Work required: Print, in exact form, the lines below from the one containing "is_order a b \<O> \<and>" through the one containing "mat2 \<Rightarrow> rat", and omit all others.

Data entries
══════════

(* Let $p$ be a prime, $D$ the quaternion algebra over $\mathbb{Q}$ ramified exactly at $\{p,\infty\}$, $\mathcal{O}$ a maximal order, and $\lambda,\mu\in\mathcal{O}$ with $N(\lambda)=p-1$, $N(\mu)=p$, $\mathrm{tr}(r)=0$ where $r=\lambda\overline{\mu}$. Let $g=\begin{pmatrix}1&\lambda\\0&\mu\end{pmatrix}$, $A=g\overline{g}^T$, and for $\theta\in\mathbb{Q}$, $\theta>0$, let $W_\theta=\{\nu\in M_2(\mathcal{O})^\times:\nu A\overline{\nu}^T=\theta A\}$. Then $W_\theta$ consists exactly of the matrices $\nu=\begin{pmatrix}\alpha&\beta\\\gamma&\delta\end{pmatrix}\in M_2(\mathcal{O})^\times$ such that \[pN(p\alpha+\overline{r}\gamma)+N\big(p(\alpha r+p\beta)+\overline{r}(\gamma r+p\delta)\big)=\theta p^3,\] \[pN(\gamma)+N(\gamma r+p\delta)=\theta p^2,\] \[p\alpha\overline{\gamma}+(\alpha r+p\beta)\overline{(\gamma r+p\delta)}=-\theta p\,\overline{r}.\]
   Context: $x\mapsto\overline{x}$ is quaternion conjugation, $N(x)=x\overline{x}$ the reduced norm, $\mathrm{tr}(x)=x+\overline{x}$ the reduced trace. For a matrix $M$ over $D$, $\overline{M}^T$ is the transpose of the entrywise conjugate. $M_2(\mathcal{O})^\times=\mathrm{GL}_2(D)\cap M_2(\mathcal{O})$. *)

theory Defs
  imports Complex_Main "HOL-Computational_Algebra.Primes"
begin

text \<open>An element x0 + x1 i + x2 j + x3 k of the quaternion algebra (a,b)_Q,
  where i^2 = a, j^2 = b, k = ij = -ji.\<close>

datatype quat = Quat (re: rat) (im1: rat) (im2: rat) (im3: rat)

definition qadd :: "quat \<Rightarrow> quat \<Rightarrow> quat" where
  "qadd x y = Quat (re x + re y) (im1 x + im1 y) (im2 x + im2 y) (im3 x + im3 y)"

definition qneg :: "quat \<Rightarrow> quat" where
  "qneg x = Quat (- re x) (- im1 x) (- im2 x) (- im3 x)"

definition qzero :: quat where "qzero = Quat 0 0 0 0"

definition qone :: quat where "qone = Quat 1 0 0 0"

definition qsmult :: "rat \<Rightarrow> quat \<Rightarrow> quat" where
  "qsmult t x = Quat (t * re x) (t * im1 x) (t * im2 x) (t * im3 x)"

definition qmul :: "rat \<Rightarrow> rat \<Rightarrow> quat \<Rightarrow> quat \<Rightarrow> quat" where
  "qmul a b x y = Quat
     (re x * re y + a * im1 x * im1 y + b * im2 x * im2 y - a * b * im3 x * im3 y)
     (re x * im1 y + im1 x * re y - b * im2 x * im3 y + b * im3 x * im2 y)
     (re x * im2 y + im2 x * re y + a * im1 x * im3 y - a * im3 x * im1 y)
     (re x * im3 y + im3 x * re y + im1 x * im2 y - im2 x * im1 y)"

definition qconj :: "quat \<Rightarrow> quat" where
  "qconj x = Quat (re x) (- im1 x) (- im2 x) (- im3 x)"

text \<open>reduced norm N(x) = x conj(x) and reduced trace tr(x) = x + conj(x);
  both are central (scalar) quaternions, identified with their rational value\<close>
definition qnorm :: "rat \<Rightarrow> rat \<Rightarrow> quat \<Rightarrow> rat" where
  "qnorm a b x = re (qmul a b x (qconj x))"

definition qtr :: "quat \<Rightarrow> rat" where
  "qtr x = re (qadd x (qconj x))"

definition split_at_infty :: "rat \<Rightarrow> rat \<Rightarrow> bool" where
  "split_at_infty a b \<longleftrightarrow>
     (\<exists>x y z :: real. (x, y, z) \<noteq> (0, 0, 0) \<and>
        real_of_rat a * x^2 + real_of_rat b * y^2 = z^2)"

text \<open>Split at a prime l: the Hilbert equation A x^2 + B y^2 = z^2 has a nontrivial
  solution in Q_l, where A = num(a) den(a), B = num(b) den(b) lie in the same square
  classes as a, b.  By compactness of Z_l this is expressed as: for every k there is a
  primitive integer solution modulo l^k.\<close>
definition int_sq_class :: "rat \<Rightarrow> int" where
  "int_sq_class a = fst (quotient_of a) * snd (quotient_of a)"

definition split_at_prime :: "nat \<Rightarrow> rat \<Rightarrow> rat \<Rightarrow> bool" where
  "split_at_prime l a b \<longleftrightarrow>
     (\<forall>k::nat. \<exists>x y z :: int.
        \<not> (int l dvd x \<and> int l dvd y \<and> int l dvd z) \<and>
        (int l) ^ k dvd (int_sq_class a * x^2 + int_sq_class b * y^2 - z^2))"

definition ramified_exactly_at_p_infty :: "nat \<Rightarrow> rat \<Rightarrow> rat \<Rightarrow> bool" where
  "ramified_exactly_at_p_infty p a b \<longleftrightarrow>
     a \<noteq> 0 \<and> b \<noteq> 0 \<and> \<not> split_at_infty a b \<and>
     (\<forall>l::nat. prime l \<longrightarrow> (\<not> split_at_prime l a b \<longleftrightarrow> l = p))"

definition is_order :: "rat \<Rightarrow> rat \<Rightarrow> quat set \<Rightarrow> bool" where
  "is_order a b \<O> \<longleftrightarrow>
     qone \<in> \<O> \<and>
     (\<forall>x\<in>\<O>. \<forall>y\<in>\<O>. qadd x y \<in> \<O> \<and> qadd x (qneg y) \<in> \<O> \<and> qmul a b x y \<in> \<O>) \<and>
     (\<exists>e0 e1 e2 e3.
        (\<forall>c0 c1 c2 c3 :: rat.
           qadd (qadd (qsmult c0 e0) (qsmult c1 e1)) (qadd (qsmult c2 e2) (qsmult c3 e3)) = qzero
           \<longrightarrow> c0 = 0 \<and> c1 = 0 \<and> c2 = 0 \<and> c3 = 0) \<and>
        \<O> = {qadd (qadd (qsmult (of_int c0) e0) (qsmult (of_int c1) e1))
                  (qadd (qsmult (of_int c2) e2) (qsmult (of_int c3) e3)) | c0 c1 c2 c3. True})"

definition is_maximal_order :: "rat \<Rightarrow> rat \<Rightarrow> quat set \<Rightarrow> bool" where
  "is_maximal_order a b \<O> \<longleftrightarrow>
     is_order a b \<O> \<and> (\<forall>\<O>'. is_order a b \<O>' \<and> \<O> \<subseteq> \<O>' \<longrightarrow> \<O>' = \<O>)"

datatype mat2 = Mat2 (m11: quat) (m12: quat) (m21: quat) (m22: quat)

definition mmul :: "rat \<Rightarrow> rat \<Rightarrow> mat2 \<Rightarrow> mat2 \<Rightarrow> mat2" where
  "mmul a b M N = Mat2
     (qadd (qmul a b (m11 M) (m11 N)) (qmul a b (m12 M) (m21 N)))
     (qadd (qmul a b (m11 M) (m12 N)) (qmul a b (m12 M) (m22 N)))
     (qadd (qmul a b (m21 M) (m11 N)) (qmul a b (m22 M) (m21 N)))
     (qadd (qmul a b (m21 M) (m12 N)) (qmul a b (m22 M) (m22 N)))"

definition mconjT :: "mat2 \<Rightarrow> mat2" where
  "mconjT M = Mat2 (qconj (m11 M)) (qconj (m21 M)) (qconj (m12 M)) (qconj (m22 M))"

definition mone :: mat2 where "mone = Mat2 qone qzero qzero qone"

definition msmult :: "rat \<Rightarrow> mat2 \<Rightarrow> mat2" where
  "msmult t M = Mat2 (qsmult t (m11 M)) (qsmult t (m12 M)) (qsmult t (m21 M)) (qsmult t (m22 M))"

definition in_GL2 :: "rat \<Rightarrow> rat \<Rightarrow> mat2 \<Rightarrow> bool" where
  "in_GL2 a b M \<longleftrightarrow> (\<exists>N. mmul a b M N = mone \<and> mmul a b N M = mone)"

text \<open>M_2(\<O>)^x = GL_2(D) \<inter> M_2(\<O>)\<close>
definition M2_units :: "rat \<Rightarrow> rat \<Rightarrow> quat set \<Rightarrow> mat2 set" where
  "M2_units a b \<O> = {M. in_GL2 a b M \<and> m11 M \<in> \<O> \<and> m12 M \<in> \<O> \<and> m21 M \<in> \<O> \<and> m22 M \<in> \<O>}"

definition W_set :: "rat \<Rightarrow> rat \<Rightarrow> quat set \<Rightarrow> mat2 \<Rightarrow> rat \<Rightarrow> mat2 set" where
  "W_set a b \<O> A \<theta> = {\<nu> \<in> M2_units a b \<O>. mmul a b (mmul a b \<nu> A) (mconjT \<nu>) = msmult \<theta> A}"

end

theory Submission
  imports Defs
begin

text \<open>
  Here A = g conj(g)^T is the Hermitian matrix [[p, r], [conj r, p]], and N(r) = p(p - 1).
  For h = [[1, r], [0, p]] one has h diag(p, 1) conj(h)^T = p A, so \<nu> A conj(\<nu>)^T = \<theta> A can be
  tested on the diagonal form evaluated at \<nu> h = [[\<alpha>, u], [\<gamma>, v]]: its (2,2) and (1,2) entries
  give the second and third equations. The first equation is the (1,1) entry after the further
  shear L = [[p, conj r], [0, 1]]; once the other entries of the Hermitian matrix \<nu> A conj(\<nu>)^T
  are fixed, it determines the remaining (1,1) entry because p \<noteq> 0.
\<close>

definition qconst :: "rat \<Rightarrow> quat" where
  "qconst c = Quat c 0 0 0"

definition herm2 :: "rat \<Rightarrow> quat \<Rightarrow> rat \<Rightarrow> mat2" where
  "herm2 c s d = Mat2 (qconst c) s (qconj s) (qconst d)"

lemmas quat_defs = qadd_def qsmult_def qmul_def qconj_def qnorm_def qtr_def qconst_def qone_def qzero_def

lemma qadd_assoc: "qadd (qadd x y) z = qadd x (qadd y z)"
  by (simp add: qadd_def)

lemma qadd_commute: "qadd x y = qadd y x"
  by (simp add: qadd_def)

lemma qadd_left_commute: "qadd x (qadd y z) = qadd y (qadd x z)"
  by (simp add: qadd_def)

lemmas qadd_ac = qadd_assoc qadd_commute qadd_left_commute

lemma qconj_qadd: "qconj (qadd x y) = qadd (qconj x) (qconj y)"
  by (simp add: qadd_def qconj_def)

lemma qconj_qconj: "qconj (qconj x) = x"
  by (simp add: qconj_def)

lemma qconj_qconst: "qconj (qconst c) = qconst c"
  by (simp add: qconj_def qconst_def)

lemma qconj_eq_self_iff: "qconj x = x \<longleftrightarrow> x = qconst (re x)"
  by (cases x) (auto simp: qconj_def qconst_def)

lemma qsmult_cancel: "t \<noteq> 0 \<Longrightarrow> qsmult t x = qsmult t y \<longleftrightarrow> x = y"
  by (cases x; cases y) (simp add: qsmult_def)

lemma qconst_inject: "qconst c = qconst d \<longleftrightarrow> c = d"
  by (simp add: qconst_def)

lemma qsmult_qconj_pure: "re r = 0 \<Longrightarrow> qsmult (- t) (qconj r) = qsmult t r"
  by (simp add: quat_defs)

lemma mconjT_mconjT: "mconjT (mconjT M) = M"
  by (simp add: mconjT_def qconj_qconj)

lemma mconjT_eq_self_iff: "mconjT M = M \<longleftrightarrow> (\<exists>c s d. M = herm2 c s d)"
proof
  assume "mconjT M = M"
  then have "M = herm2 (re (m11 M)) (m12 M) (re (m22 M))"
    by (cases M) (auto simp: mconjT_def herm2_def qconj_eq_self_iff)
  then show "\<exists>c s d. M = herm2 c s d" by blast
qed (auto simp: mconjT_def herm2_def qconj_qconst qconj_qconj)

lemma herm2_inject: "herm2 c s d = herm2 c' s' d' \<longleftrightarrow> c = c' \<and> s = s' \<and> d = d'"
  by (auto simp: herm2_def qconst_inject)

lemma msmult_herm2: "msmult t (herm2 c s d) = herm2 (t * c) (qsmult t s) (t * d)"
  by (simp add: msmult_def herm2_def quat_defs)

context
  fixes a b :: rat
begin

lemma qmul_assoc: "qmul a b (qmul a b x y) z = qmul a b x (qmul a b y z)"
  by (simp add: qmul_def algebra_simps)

══════════

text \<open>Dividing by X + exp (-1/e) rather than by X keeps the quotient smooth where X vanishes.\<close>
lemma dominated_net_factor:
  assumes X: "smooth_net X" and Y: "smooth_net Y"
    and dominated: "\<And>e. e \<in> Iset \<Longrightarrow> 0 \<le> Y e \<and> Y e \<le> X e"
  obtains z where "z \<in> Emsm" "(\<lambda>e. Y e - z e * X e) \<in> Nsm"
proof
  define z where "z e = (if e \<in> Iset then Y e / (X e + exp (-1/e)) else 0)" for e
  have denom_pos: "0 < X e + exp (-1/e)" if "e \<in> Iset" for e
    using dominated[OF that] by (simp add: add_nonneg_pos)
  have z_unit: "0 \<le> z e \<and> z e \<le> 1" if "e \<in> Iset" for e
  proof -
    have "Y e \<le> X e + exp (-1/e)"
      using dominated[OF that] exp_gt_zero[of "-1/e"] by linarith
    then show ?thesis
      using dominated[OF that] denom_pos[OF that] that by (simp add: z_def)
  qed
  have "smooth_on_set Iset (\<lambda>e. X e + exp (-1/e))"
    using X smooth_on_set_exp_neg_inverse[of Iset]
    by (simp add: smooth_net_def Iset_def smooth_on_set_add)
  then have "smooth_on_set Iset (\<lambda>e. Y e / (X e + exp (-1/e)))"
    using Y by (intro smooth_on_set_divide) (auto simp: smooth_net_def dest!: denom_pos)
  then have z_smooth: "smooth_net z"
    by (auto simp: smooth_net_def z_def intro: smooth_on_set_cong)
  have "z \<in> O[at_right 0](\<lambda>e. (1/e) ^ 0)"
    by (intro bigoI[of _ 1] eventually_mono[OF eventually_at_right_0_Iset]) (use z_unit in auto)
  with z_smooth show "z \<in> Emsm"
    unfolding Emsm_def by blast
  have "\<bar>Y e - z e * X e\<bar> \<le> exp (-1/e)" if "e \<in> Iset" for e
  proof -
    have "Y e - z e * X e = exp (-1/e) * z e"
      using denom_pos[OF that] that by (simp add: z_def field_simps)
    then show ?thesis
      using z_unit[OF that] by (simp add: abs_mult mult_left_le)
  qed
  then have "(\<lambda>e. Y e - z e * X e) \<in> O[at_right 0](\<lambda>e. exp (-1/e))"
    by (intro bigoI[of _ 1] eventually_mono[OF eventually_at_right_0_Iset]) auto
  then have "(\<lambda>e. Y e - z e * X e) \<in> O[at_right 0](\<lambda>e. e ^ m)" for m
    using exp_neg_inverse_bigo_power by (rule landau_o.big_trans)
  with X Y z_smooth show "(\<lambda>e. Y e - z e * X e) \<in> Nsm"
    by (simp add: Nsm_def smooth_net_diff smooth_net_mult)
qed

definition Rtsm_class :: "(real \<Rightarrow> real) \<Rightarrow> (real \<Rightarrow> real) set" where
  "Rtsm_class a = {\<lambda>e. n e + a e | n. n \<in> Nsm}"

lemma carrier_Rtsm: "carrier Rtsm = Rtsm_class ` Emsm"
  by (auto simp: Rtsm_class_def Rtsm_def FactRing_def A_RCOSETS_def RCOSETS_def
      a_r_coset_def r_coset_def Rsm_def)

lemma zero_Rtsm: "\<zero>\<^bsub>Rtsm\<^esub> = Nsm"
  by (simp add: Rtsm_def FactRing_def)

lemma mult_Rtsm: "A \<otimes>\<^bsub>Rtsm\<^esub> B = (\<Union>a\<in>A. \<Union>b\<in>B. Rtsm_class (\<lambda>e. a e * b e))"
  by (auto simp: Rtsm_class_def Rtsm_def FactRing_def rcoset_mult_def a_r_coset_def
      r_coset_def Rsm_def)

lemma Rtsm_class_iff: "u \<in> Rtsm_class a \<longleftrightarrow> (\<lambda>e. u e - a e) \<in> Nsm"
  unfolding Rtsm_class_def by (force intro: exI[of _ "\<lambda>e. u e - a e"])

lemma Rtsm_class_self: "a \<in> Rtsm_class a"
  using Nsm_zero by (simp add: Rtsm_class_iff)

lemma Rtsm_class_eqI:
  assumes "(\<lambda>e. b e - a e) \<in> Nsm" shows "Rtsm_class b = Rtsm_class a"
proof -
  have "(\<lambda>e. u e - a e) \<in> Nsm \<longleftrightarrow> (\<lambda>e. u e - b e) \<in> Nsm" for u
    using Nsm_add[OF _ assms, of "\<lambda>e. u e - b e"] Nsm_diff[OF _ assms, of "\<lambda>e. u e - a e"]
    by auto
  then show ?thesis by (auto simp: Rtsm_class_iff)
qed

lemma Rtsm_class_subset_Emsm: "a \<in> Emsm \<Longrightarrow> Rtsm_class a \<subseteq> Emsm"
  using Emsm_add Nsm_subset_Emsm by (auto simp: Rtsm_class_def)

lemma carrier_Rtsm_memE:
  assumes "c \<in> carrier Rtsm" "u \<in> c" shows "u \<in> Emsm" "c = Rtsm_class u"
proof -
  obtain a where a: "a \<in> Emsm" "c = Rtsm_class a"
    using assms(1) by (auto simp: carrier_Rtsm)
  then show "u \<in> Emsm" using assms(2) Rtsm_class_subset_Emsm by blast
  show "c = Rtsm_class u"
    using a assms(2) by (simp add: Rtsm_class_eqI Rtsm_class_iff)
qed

══════════

The answer:
     is_order a b \<O> \<and> (\<forall>\<O>'. is_order a b \<O>' \<and> \<O> \<subseteq> \<O>' \<longrightarrow> \<O>' = \<O>)"

datatype mat2 = Mat2 (m11: quat) (m12: quat) (m21: quat) (m22: quat)

definition mmul :: "rat \<Rightarrow> rat \<Rightarrow> mat2 \<Rightarrow> mat2 \<Rightarrow> mat2" where
  "mmul a b M N = Mat2
     (qadd (qmul a b (m11 M) (m11 N)) (qmul a b (m12 M) (m21 N)))
     (qadd (qmul a b (m11 M) (m12 N)) (qmul a b (m12 M) (m22 N)))
     (qadd (qmul a b (m21 M) (m11 N)) (qmul a b (m22 M) (m21 N)))
     (qadd (qmul a b (m21 M) (m12 N)) (qmul a b (m22 M) (m22 N)))"

definition mconjT :: "mat2 \<Rightarrow> mat2" where
  "mconjT M = Mat2 (qconj (m11 M)) (qconj (m21 M)) (qconj (m12 M)) (qconj (m22 M))"

definition mone :: mat2 where "mone = Mat2 qone qzero qzero qone"

definition msmult :: "rat \<Rightarrow> mat2 \<Rightarrow> mat2" where
  "msmult t M = Mat2 (qsmult t (m11 M)) (qsmult t (m12 M)) (qsmult t (m21 M)) (qsmult t (m22 M))"

definition in_GL2 :: "rat \<Rightarrow> rat \<Rightarrow> mat2 \<Rightarrow> bool" where
  "in_GL2 a b M \<longleftrightarrow> (\<exists>N. mmul a b M N = mone \<and> mmul a b N M = mone)"

text \<open>M_2(\<O>)^x = GL_2(D) \<inter> M_2(\<O>)\<close>
definition M2_units :: "rat \<Rightarrow> rat \<Rightarrow> quat set \<Rightarrow> mat2 set" where
  "M2_units a b \<O> = {M. in_GL2 a b M \<and> m11 M \<in> \<O> \<and> m12 M \<in> \<O> \<and> m21 M \<in> \<O> \<and> m22 M \<in> \<O>}"

definition W_set :: "rat \<Rightarrow> rat \<Rightarrow> quat set \<Rightarrow> mat2 \<Rightarrow> rat \<Rightarrow> mat2 set" where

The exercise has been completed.